Di sisi lain, Alfitra menyebutkan belakangan ini DKPP sering menerima aduan dari sesama penyelenggara pemilu, misalnya Bawaslu dan KPU yang saling melaporkan.

"Bawaslu melaporkan KPU, KPU melaporkan Bawaslu. Ini jeruk makan jeruk. Tapi ini cukup tinggi, mulai ngetren," selorohnya.

"Saya ingin ingatkan penyelenggara, Pilkada ini bukan kontestasi penyelenggara. Inilah akibat penyelenggara dalam memahami UU berbeda. Ini harus diakhiri sesama penyelenggara saling lapor. Tidak ada yang salah sesama penyelenggara saling melaporkan, halal. Tapi masyarakat akan aneh melihatnya," ucap dia.

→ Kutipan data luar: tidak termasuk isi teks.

text \<open>The atomic type of vs @ [u] together with the level-t labels of its faces. Its first two
  components are what the WL round at vs records for u.\<close>
definition ext_lab :: "nat \<Rightarrow> nat \<Rightarrow> graph \<Rightarrow> nat list \<Rightarrow> nat \<Rightarrow> atype \<times> wllab list \<times> wllab" where
  "ext_lab n t G vs u =
     (atp G (vs @ [u]), map (\<lambda>i. wl n t G (vs[i := u])) [0..<length vs], wl n t G vs)"

lemma length_face [simp]: "length (face vs u m) = length vs"
  by (simp add: face_def)

lemma ext_lab_eq_nth:
  assumes "ext_lab n t G vs u = ext_lab n t H ws w" "length vs = length ws"
    "p \<le> length vs" "q \<le> length vs" "wf_graph n l G" "wf_graph n l H"
  shows "((vs @ [u]) ! p = (vs @ [u]) ! q \<longleftrightarrow> (ws @ [w]) ! p = (ws @ [w]) ! q)
     \<and> (adj G ((vs @ [u]) ! p) ((vs @ [u]) ! q) \<longleftrightarrow> adj H ((ws @ [w]) ! p) ((ws @ [w]) ! q))
     \<and> col G ((vs @ [u]) ! p) = col H ((ws @ [w]) ! p)"
  using assms by (intro atp_eq_nth[where n = n and l = l]) (auto simp: ext_lab_def)

lemma wl_face_eq_if_ext_lab_eq:
  assumes "ext_lab n t G vs u = ext_lab n t H ws w" "length vs = k" "length ws = k" "m \<le> k"
  shows "wl n t G (face vs u m) = wl n t H (face ws w m)"
proof (cases "m = k")
  case False
  with assms have "m \<in> set [0..<k]"
    by simp
  moreover have "map (\<lambda>i. wl n t G (vs[i := u])) [0..<k] = map (\<lambda>i. wl n t H (ws[i := w])) [0..<k]"
    using assms by (simp add: ext_lab_def)
  ultimately show ?thesis
    using assms False unfolding map_eq_conv face_def by simp
qed (use assms in \<open>simp add: ext_lab_def face_def\<close>)

lemma ext_labs_eq_if_wl_Suc_eq:
  assumes "wl n (Suc t) G vs = wl n (Suc t) H ws" "length vs = length ws"
  shows "image_mset (ext_lab n t G vs) (mset_set (verts n)) = image_mset (ext_lab n t H ws) (mset_set (verts n))"
proof -
  from assms have wl_eq: "wl n t G vs = wl n t H ws"
    and round_eq: "image_mset (\<lambda>u. (atp G (vs @ [u]), map (\<lambda>i. wl n t G (vs[i := u])) [0..<length vs]))
        (mset_set (verts n))
      = image_mset (\<lambda>u. (atp H (ws @ [u]), map (\<lambda>i. wl n t H (ws[i := u])) [0..<length ws]))
        (mset_set (verts n))"
    by simp_all
  show ?thesis
    by (rule image_mset_eq_transfer[OF round_eq]) (simp add: ext_lab_def wl_eq)
qed

lemma ext_labs_of_face_eq:
  assumes "ext_lab n (Suc t) G vs u = ext_lab n (Suc t) H ws w" "length vs = k" "length ws = k" "m \<le> k"
  shows "image_mset (ext_lab n t G (face vs u m)) (mset_set (verts n))
       = image_mset (ext_lab n t H (face ws w m)) (mset_set (verts n))"
  using assms by (intro ext_labs_eq_if_wl_Suc_eq wl_face_eq_if_ext_lab_eq) (simp_all add: face_def)

lemma nth_face_transpose:
  assumes "length vs = k" "m \<le> k" "p \<le> k" "p \<noteq> m"
  shows "(face vs u m @ [z]) ! transpose m k p = (vs @ [u]) ! p" and "transpose m k p < k"
  using assms by (auto simp: face_def transpose_def nth_append)

lemma exists_unused_slot:
  fixes \<pi> :: "nat \<Rightarrow> nat"
  assumes "finite Y" "card Y \<le> k"
  obtains m where "m \<le> k" "m \<notin> \<pi> ` Y"
proof -
  have "card (\<pi> ` Y) < card {0..k}"
    using card_image_le[OF assms(1), of \<pi>] assms(2) by simp
  then have "\<not> {0..k} \<subseteq> \<pi> ` Y"
    using card_mono[of "\<pi> ` Y" "{0..k}"] assms(1) by auto
  then obtain m where "m \<in> {0..k}" "m \<notin> \<pi> ` Y"
    by blast
  then show ?thesis
    using that by simp
qed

Infografis Partai Langgar Protokol Corona di PilkadaInfografis Partai Langgar Protokol Corona di Pilkada. (Foto: CNN Indonesia/Fajrian)

Alfitra juga mencatat ada masalah perbedaan pemahaman dari sesama penyelenggara pemilu terkait regulasinya yang memang rumit.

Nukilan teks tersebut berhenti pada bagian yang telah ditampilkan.